Картина постмодернистского мироощущения и общественно-философской атмосферы, его питающей, была бы неполна без учета еще одного ее слагаемого, которое более локально, чем все перечисленные выше, но имеет особое значение, поскольку именно в нем обнаруживается, что постмодерн сегодня не просто характеризует определенную сторону современной культуры, но и заключает в себе коренную проблему этой культуры, проблему ее исторической оценки и дальнейшего его исторического развития. В господствующих наиболее распространенных и массовых формах постмодерна акцент, как мы видели, лежит на противопоставлении его «модерну». Охватывая историю европейского общества и его культуры за последние два-три столетия, «модерн» практически, для обыденного сознания, предстает как исчерпывающий и целостный образ европейской цивилизации. Критика и разоблачение «модерна» предстают как критика и разоблачение основ этой цивилизации. То, что было до «модерна», видится здесь как бы вне фокуса. Но на более глубоком уровне в парадигме постмодерна, особенно в сфере теории и практики искусства, обнаруживается и другой, по-видимому, довольно распространенный взгляд, согласно которому постмодерн означает восстановление преемственности европейской культуры и искусства, развитие которых было прервано на сравнительно недолгий срок (последняя треть прошлого — первые две трети нынешнего столетия) вторжением колониализма в политику, империализма в экономику, реализма в искусство. Постмодерн с этой точки зрения есть тот же «модерн», но преодолевающий в некоторых явлениях современного искусства так долго бывший ему свойственным кошмар тотальности и педантского рационализма и возвращающийся на пути, некогда ему открывавшиеся, — к науке Парацельза или Ламарка, к искусству Ренессанса, барокко и романтизма. Такое движение к истокам представляет собой даже не столько возвращение, сколько продолжение — по-

1027

тому, в частности, что даже в годы позитивистски филистерского грехопадения существовали люди, явления и тенденции, в них не вписывавшиеся и своему времени противостоявшие, — от Маркса до Гейзенберга в науке, от Сезанна до авангарда начала века в искусстве. «Подлинный постмодерн» поэтому вовсе не предает забвению искусство и цивилизацию Нового времени, предшествующие так называемому критическому реализму или буржуазному истеблишменту XX в., а напротив того, ощущает свою особую близость к некоторым специфическим фигурам раннего Возрождения, к барокко и маньеризму, к рококо.

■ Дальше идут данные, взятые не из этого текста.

lemma dual_separates:
  assumes "\<And>\<eta>. dual_elem scale \<eta> \<Longrightarrow> \<eta> x = \<eta> y"
  shows "x = y"
proof (rule ccontr)
  assume "x \<noteq> y"
  then obtain \<eta> where "dual_elem scale \<eta>" "\<eta> (x - y) \<noteq> 0"
    using exists_dual_nonzero[of "x - y"] by auto
  then show False using assms by (simp add: dual_diff)
qed

lemma Psi_eqI:
  assumes "\<And>\<eta>. dual_elem scale \<eta> \<Longrightarrow> \<eta> y = pair P (us @ [\<eta>])"
  shows "Psi scale P us = y"
  unfolding Psi_def
proof (rule the_equality)
  fix z assume "\<forall>\<eta>. dual_elem scale \<eta> \<longrightarrow> \<eta> z = pair P (us @ [\<eta>])"
  then show "z = y" using assms by (intro dual_separates) auto
qed (use assms in blast)

text \<open>\<^const>\<open>Psi\<close> of a single decomposable: the covector in the last slot of the determinant
  is expanded.\<close>

definition psi_dec :: "'g list \<Rightarrow> ('g \<Rightarrow> 'k) list \<Rightarrow> 'g" where
  "psi_dec X W = scale ((-1)^length W)
     (\<Sum>k<length X. scale ((-1)^k * det_expand (remove_nth k X) W) (X!k))"

definition psi_expl :: "('k, 'g) mvec \<Rightarrow> ('g \<Rightarrow> 'k) list \<Rightarrow> 'g" where
  "psi_expl P W = (\<Sum>a<length P. scale (fst (P!a)) (psi_dec (snd (P!a)) W))"

lemma eval_psi_dec:
  "dual_elem scale \<eta> \<Longrightarrow> \<eta> (psi_dec X W) = (-1)^length W * det_expand X (\<eta> # W)"
  by (simp add: psi_dec_def det_expand.simps(2) dual_scale dual_sum algebra_simps)

lemma eval_psi_expl:
  "dual_elem scale \<eta> \<Longrightarrow> \<eta> (psi_expl P W) = (\<Sum>a<length P. fst (P!a) * \<eta> (psi_dec (snd (P!a)) W))"
  by (simp add: psi_expl_def dual_sum dual_scale)

lemma pair_eq_sum: "pair P us = (\<Sum>a<length P. fst (P!a) * det_expand (snd (P!a)) us)"
  unfolding pair_def det_pair_eq_det_expand by (simp add: sum_list_sum_nth atLeast0LessThan)

lemma Psi_eq_psi_expl: "Psi scale P = psi_expl P"
proof
  fix W
  show "Psi scale P W = psi_expl P W"
    by (rule Psi_eqI)
       (simp add: eval_psi_expl eval_psi_dec pair_eq_sum det_expand_snoc)
qed

end

section \<open>The bracket of decomposables\<close>

context lie_alg
begin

Он не отбрасывает культурную традицию, а лишь обнаруживает в ней силы, себе близкие, растет из ее пряных обертонов и продолжает ее в борьбе с упорствующим истеблишментом.

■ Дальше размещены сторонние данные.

lemma s_f [simp]: "s (f a) = t a" and s_g [simp]: "s (g a) = t a"
  using out_arrows[of a] by blast+

lemma out_arrow_cases: "s b = t a \<Longrightarrow> b = f a \<or> b = g a"
  using out_arrows[of a] by blast

lemma f_neq_g: "f a \<noteq> g a"
proof
  assume "f a = g a"
  then have "{b. s b = t a} = {f a}" using out_arrows[of a] by simp
  moreover have "card {b. s b = t a} = 2" using setting by (simp add: quiver_setting_def)
  ultimately show False by simp
qed

lemma source_neq_target: "s a \<noteq> t a"
  using setting by (simp add: quiver_setting_def)

lemma no_2_cycle: "\<not> (s a = t b \<and> t a = s b)"
  using setting by (simp add: quiver_setting_def)

lemma c_orbit: "b \<in> orbit_of g a \<Longrightarrow> c b = c a"
  using setting by (simp add: quiver_setting_def)

lemma orb_size_funpow_g [simp]: "orb_size g ((g ^^ k) a) = orb_size g a"
  by (rule orb_size_eq[OF inj_g]) (rule funpow_in_orbit_of)

lemma orb_size_g_g [simp]: "orb_size g (g a) = orb_size g a"
  using orb_size_funpow_g[of 1 a] by simp

lemma orb_size_g_ge_3: "orb_size g a \<ge> 3"
proof (rule orb_size_ge_3[OF inj_g])
  show "g a \<noteq> a" using source_neq_target[of a] s_g[of a] by metis
  show "g (g a) \<noteq> a"
    using no_2_cycle[of a "g a"] s_g[of "g a"] s_g[of a] by metis
qed

lemma orb_size_f: "orb_size f a = 3"
proof -
  have f1: "f a \<noteq> a" using source_neq_target[of a] s_f[of a] by metis
  then have "f (f a) \<noteq> a" using f_f_f[of a] by metis
  with f1 have "orb_size f a \<ge> 3" by (rule orb_size_ge_3[OF inj_f])
  moreover have "\<not> 3 < orb_size f a"
    using funpow_orbit_inj[OF inj_f, of 3 a 0] by (force simp: numeral_3_eq_3)
  ultimately show ?thesis by simp
qed

lemma cycle_word_f: "cycle_word f a = [a, f a, f (f a)]"
  by (simp add: cycle_word_def orb_size_f numeral_3_eq_3 upt_rec)

lemma cycle_tail_f: "cycle_tail f a = [f a, f (f a)]"
  by (simp add: cycle_tail_def orb_size_f numeral_3_eq_3 upt_rec)

lemma valid_cycle_tail_f: "valid_path s t (t \<gamma>, cycle_tail f \<gamma>) \<and> path_end t (t \<gamma>, cycle_tail f \<gamma>) = s \<gamma>"
  by (rule valid_path_cycle_tail[OF inj_f]) (auto simp: orb_size_f)

lemma valid_cycle_tail_g: "valid_path s t (t \<gamma>, cycle_tail g \<gamma>) \<and> path_end t (t \<gamma>, cycle_tail g \<gamma>) = s \<gamma>"
  by (rule valid_path_cycle_tail[OF inj_g]) (use orb_size_g_ge_3[of \<gamma>] in auto)

lemma cycle_tail_g_Cons: "cycle_tail g x = g x # map (\<lambda>k. (g ^^ k) x) [2..<orb_size g x]"
proof -
  have "[1..<orb_size g x] = 1 # [Suc 1..<orb_size g x]"
    by (rule upt_conv_Cons) (use orb_size_g_ge_3[of x] in simp)
  then show ?thesis by (simp add: cycle_tail_def numeral_2_eq_2)
qed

Такое понимание постмодерна довольно широко распространено в философской публицистике и в художественной критике. Классическое выражение оно нашло себе в программной книге Отара Калабрезе «Эпоха необарокко» (1987)". В полностью концептуализованном и упорядоченном виде представлено оно в своеобразном учебном пособии для английских школьников «Постмодернизм для начинающих» (1985)12 . Вариация на ту же в принципе тему была сравнительно недавно обнародована на страницах «Вопросов философии» в выступлении Н.С. Артамоновой13 . Любопытно отметить, что редакция распространенного гамбургского журнала «Арт» сочла наиболее адекватным и представительным образом постмодерна именно этот барочно-маньеристский его вариант, основанный на демонстративной игре с традицией, вынеся его на обложку специального номера, посвященного искусству современного Петербурга14 .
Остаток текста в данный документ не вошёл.